Unfortunately there is yet but a small outlet for surplus plums as manufactured products. As a rule the commercial outlook is best for those fruits of which the surplus can be turned into by-products. The only outlet for the plum in the East is in canning, as this region is unable to compete with the West in the making of prunes[155] and as the several plum products of the Old World are not in demand in the New World. Beyond question there are a number of products, as preserves, jellies from the native plums, glacé fruits, plum butter, marmalades and the like, which could be made profitable for the markets and thus a great help in utilizing surplus plums.

DISEASES.

Plums are subject to a considerable number of fungus diseases, several of which are often virulent, the virulence depending on locality, season, weather and variety. Happily for the plum industry, knowledge of plant pathology has made such advancements in recent years that nearly all of the diseases of this fruit are now controlled by preventive or remedial measures.

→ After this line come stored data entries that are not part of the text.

lemma occupancy_eq_moment: "WR_occupancy V E lam = occ_moment / Z / card V"
proof -
  have "WR_partition V E lam = Z"
    unfolding WR_partition_def Z_def by (intro sum.cong) (simp_all add: occupied_eq_occ)
  moreover have "(\<Sum>\<sigma>\<in>configs. occupied V \<sigma> * lam ^ occupied V \<sigma> / Z) = occ_moment / Z"
    unfolding occ_moment_def sum_divide_distrib by (intro sum.cong) (simp_all add: occupied_eq_occ)
  ultimately show ?thesis
    by (simp add: WR_occupancy_def)
qed

lemma occupancy_eq_defect:
  "WR_occupancy V E lam = 2 * lam * q / Z_clique - total_defect / (Z_clique * Z * card V)"
proof -
  have "Z_clique * occ_moment = card V * (2 * lam * q * Z) - total_defect"
    using sum_local_weight local_weight_eq by (simp add: total_defect_def sum_subtractf)
  moreover have "0 < card V"
    using finite_V V_nonempty by (simp add: card_gt_0_iff)
  ultimately show ?thesis
    using Z_clique_pos Z_pos by (simp add: occupancy_eq_moment field_simps)
qed

end

lemma complete_graph_wr_model:
  assumes "0 < lam"
  shows "wr_model (K_verts d) (K_edges d) d lam"
proof
  show "simple_graph (K_verts d) (K_edges d)"
    by (auto simp: simple_graph_def K_verts_def K_edges_def)
  have "{u \<in> K_verts d. K_edges d v u} = {..d} - {v}" if "v \<in> K_verts d" for v
    using that by (auto simp: K_verts_def K_edges_def)
  then show "regular (K_verts d) (K_edges d) d"
    by (simp add: regular_def K_verts_def)
qed (rule assms)

theorem theorem1:
  fixes V :: "'a set" and E :: "'a \<Rightarrow> 'a \<Rightarrow> bool" and d :: nat and lam :: real
  assumes "simple_graph V E" and "regular V E d" and "lam > 0"
  shows "WR_occupancy V E lam \<le> WR_occupancy (K_verts d) (K_edges d) lam
    \<and> (WR_occupancy V E lam = WR_occupancy (K_verts d) (K_edges d) lam
         \<longleftrightarrow> disjoint_union_of_cliques V E d)"
proof -
  interpret G: wr_model V E d lam
    using assms by unfold_locales
  interpret K: wr_model "K_verts d" "K_edges d" d lam
    using complete_graph_wr_model assms(3) .
  have "K.nbhds_cliques"
    unfolding K.nbhds_cliques_def K.nbhd_def by (auto simp: K_verts_def K_edges_def)
  then have "WR_occupancy (K_verts d) (K_edges d) lam = 2 * lam * G.q / G.Z_clique"
    using K.occupancy_eq_defect K.total_defect_eq_0_iff by simp
  moreover have "0 < card V"
    using G.finite_V G.V_nonempty by (simp add: card_gt_0_iff)
  then have "0 \<le> G.total_defect / (G.Z_clique * G.Z * card V)"
    and "G.total_defect / (G.Z_clique * G.Z * card V) = 0 \<longleftrightarrow> disjoint_union_of_cliques V E d"
    using G.Z_clique_pos G.Z_pos G.total_defect_nonneg G.total_defect_eq_0_iff
      G.nbhds_cliques_iff_disjoint_union_of_cliques
    by simp_all
  ultimately show ?thesis
    using G.occupancy_eq_defect by linarith
qed

end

One of the commonest and most striking of the diseases of the plum is black-knot[156] (Plowrightia morbosa (Schw.) Saccardo) characterized by wartlike excrescences on shoots and branches. In early summer these knots are dark green, soft and velvety, but as the fungus ripens in the fall the color changes to a carbon-like black and the knots become hard and brittle. The disease is usually confined to one side of the twig or branch so that death of the affected part does not ensue at once. Black-knot is an American malady, at one time confined to the eastern part of the continent where in some localities its ravages forced the abandonment of plum-growing. The fungus is now endemic to wild or cultivated plants in practically all the plum-growing regions of the continent, but it is still epidemic only in the East, the South and West being practically free from the disease. Unless especially virulent black-knot is controlled by cutting out the diseased wood. Usually eradication is not possible without several prunings during a season.